Fort Lewis and Korea

One wintry day my pal Sid and I donned sheepskin jackets to drive in my open jeep out to the Fort Lewis training area near the town of Yelm.  Because the jackets lacked epaulettes, we fastened two metal pips to each shoulder as rank badges.  A US Army jeep drove slowly past us at one point and its occupants gave us a very snappy salute.  After they passed, my friend and I looked at one another and burst out laughing, “I think they saw two stars on our jackets.” (At least we hoped they did!)  They wouldn’t have made that mistake had they got a better look at our young faces and our straggly, immature moustaches.
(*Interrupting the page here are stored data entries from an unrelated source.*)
(* Let $m$ be any nonzero complex number. Then for every nonnegative integer $n$, \begin{align*} &\sum_{k=0}^n\frac{((256-27m)k^3+384k^2+(176+21m)k-6m+24)\binom{4k}k}{(k+1)m^k} =-6m+\frac{8(2n+1)(4n+1)(4n+3)\binom{4n}n}{(n+1)m^n}, \\&\sum_{k=0}^n\frac{((256-27m)k^3+384k^2+(176+3m)k+24)\binom{4k}k}{(3k+1)m^k} =\frac{8(2n+1)(4n+1)(4n+3)\binom{4n}n}{(3n+1)m^n}, \\&\sum_{k=0}^n\frac{((256-27m)k^3+3(128-9m)k^2+2(88-3m)k+24)\binom{4k}k}{(3k+1)(3k+2)m^k} =\frac{8(2n+1)(4n+1)(4n+3)\binom{4n}n}{(3n+1)(3n+2)m^n}. \end{align*} Consequently, if $|m|>256/27$, then \begin{align*} &\sum_{k=0}^\infty\frac{((256-27m)k^3+384k^2+(176+21m)k-6m+24)\binom{4k}k}{(k+1)m^k}=-6m, \\&\sum_{k=0}^\infty\frac{((256-27m)k^3+384k^2+(176+3m)k+24)\binom{4k}k}{(3k+1)m^k}=0, \\&\sum_{k=0}^\infty\frac{((256-27m)k^3+3(128-9m)k^2+2(88-3m)k+24)\binom{4k}k}{(3k+1)(3k+2)m^k}=0. \end{align*} *)

theory Defs
  imports Complex_Main
begin

end

theory Submission
  imports Defs "HOL-Analysis.Elementary_Normed_Spaces" "HOL-Real_Asymp.Real_Asymp"
begin

(* The identities are telescoping sums of Gosper type. With u j = g j * (4j choose j) for the
   polynomial certificates g j = 3(3j-2)(3j-1), 3j(3j-1) and 3j respectively, the k-th summand is
   (u (k+1) - m u k) / m^k; this rests on the hypergeometric ratio
   (4k+4 choose k+1) / (4k choose k) = 8(2k+1)(4k+1)(4k+3) / (3(k+1)(3k+1)(3k+2)).
   That ratio is at most 256/27, so (4n choose n) <= (256/27)^n and the closed-form remainder
   tends to 0 when |m| > 256/27. *)

lemma binomial_4n_Suc:
  "3 * (n + 1) * (3 * n + 1) * (3 * n + 2) * (4 * Suc n choose Suc n)
     = 8 * (2 * n + 1) * (4 * n + 1) * (4 * n + 3) * (4 * n choose n)"
proof -
  define c where "c j = (4 * n + j choose n)" for j
  define c' where "c' = (4 * Suc n choose Suc n)"
  have absorb: "(3 * n + j) * c j = (4 * n + j) * c (j - 1)" if "j > 0" for j
    using binomial_absorb_comp[of "4 * n + j" n] that by (simp add: c_def)
  have "3 * (n + 1) * (3 * n + 1) * (3 * n + 2) * c' = 3 * (3 * n + 1) * (3 * n + 2) * ((n + 1) * c')"
    by (simp only: mult_ac)
  also have "(n + 1) * c' = (4 * n + 4) * c 3"
    using Suc_times_binomial[of n "4 * n + 3"] by (simp add: c_def c'_def)
  also have "3 * (3 * n + 1) * (3 * n + 2) * ((4 * n + 4) * c 3)
      = 4 * (3 * n + 1) * (3 * n + 2) * ((3 * n + 3) * c 3)"
    by (simp add: algebra_simps)
  also have "(3 * n + 3) * c 3 = (4 * n + 3) * c 2"
    using absorb[of 3] by simp
  also have "4 * (3 * n + 1) * (3 * n + 2) * ((4 * n + 3) * c 2)
      = 4 * (3 * n + 1) * (4 * n + 3) * ((3 * n + 2) * c 2)"
    by (simp only: mult_ac)
  also have "(3 * n + 2) * c 2 = (4 * n + 2) * c 1"
    using absorb[of 2] by simp
  also have "4 * (3 * n + 1) * (4 * n + 3) * ((4 * n + 2) * c 1)
      = 4 * (4 * n + 3) * (4 * n + 2) * ((3 * n + 1) * c 1)"
    by (simp only: mult_ac)
  also have "(3 * n + 1) * c 1 = (4 * n + 1) * c 0"
    using absorb[of 1] by simp
  finally show ?thesis
    by (simp add: c_def c'_def algebra_simps)
qed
The GIs were properly impressed however, when our Governor General visited the Brigade at Fort Lewis.  He was Field Marshal Viscount Alexander of Tunis.  In deference to his wartime rank, his staff car sported five-star plates.  At the time, the Americans had four five-star generals still alive – George C. Marshall, Douglas MacArthur, Dwight D. Eisenhower and Omar N. Bradley, but none of them came anywhere near Fort Lewis.  We Canadians were very pleased that our one and only five-star connection had come to see us.

"Look Ma, I'm a leader"

While we were getting our act together stateside, the war was heating up in Korea.  In September, after the enemy had been stopped at the Pusan Perimeter, General MacArthur launched a seaborne assault halfway up the Korean peninsula at Inchon.  The landing, supported by gunfire from three Canadian destroyers, Athabaskan, Cayuga and Sioux, marked Canada’s entry into the war.  The invasion at Inchon was followed by a breakout from the Perimeter.  US forces, supported by the Republic Of Korea army and allied formations, such as the British 29th Brigade and the Turkish Brigade, made a rapid advance up the peninsula to join the forces from Inchon.  The push continued across the 38th parallel and, by October 1950, the North Korean capital of Pyongyang was captured.
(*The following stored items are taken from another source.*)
(* Let $\Theta\subset(0,1)\times(0,\infty)$ be compact and convex, let $\theta_0\in\mathrm{Interior}(\Theta)$, and let $Z_1,Z_2,\dots$ be i.i.d. random variables with distribution $\mathrm{GPD}(\theta_0)$. For $k\in\mathbb N$ define $\hat S_k(x)=\frac1k\sum_{j=1}^k\mathbf 1(Z_j>x)$ and \[ J_k(\theta)=\int_0^\infty\big(\hat S_k(x)-S_\theta(x)\big)^2\,\mathrm dx,\qquad \theta\in\Theta . \] Let $\hat\theta_k=\hat\theta_k(Z_1,\dots,Z_k)$ be any sequence of $\Theta$-valued estimators with $J_k(\hat\theta_k)\le J_k(\theta_0)+o_{\mathbb P}(1)$ as $k\to\infty$. Then $\hat\theta_k\to\theta_0$ in probability as $k\to\infty$, and for every $x\ge0$, $S_{\hat\theta_k}(x)\to S_{\theta_0}(x)$ in probability.
   Context: For $\theta=(\gamma,\sigma)$ with $\gamma\in(0,1)$, $\sigma>0$, $S_\theta(x)=\left(1+\gamma\frac{x}{\sigma}\right)^{-1/\gamma}$, $x\ge0$, is the survival function of the generalized Pareto distribution $\mathrm{GPD}(\theta)$, whose distribution function is $F_\theta=1-S_\theta$. *)

theory Defs
  imports "HOL-Probability.Probability"
begin

text \<open>Survival function of GPD(theta), theta = (gamma, sigma).\<close>
definition GPD_surv :: "real \<times> real \<Rightarrow> real \<Rightarrow> real" where
  "GPD_surv \<theta> x = (1 + fst \<theta> * x / snd \<theta>) powr (- 1 / fst \<theta>)"

definition GPD_cdf :: "real \<times> real \<Rightarrow> real \<Rightarrow> real" where
  "GPD_cdf \<theta> x = (if x < 0 then 0 else 1 - GPD_surv \<theta> x)"

definition emp_surv :: "(nat \<Rightarrow> 'a \<Rightarrow> real) \<Rightarrow> nat \<Rightarrow> 'a \<Rightarrow> real \<Rightarrow> real" where
  "emp_surv Z k \<omega> x = (\<Sum>j = 1..k. if Z j \<omega> > x then 1 else 0) / real k"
General MacArthur was so optimistic about the operations during October that he saw no need for the Canadian brigade.  He suggested that Canada might want to immediately send a smaller force to show the flag.  That resulted in the dispatch to Korea in November of the second battalion of the PPCLI, commanded by Lt. Col. Jim Stone.  It was expected to complete its training by the month of March.  However, in December things started to turn sour for the American-led advance into North Korea. The next counterattack by the North Koreans, assisted this time by the Chinese, took the communist forces all the way back to Seoul by January 1951.

The American field commander, General Walker, now wanted 2 PPCLI in the front line.  Colonel Stone had clear orders from Canada that he was to finish his training first.  The memory of the disaster that befell unprepared Canadian troops in Hong Kong in 1941 was still fresh in Ottawa’s mind.  Stone was able to complete the training of his unit in February, after which it acquitted itself very well, winning the US Presidential Unit Citation for its stand at Kap’yong.  (More about that in a future post.)



  1. Is Fort Lewis where that officer sat behind his desk with binoculars slung around his neck? I laughed out loud at that one.

    I think Peter visited Fort Lewis in Basic Training (back in 1981 it would have been). Whichever US base it was, he said they had more aircraft hanging around on an Army base than we had in the whole CAF!

    • Yes, Fort Lewis WA, is where I met Brigadier Rockingham, 25 Brigade commander, for the first time. He was seated behind his desk and all I could see was his red tabs and his binoculars.

      Did Peter do his officer training at Chilliwack? If so, they may well have taken his class down to Fort Lewis for US indoctrination.

  2. Yes Peter was at Chilliwack. He really enjoyed basic training – too bad the army screwed up after that. But that’s another story. Hindsight is always 20-20.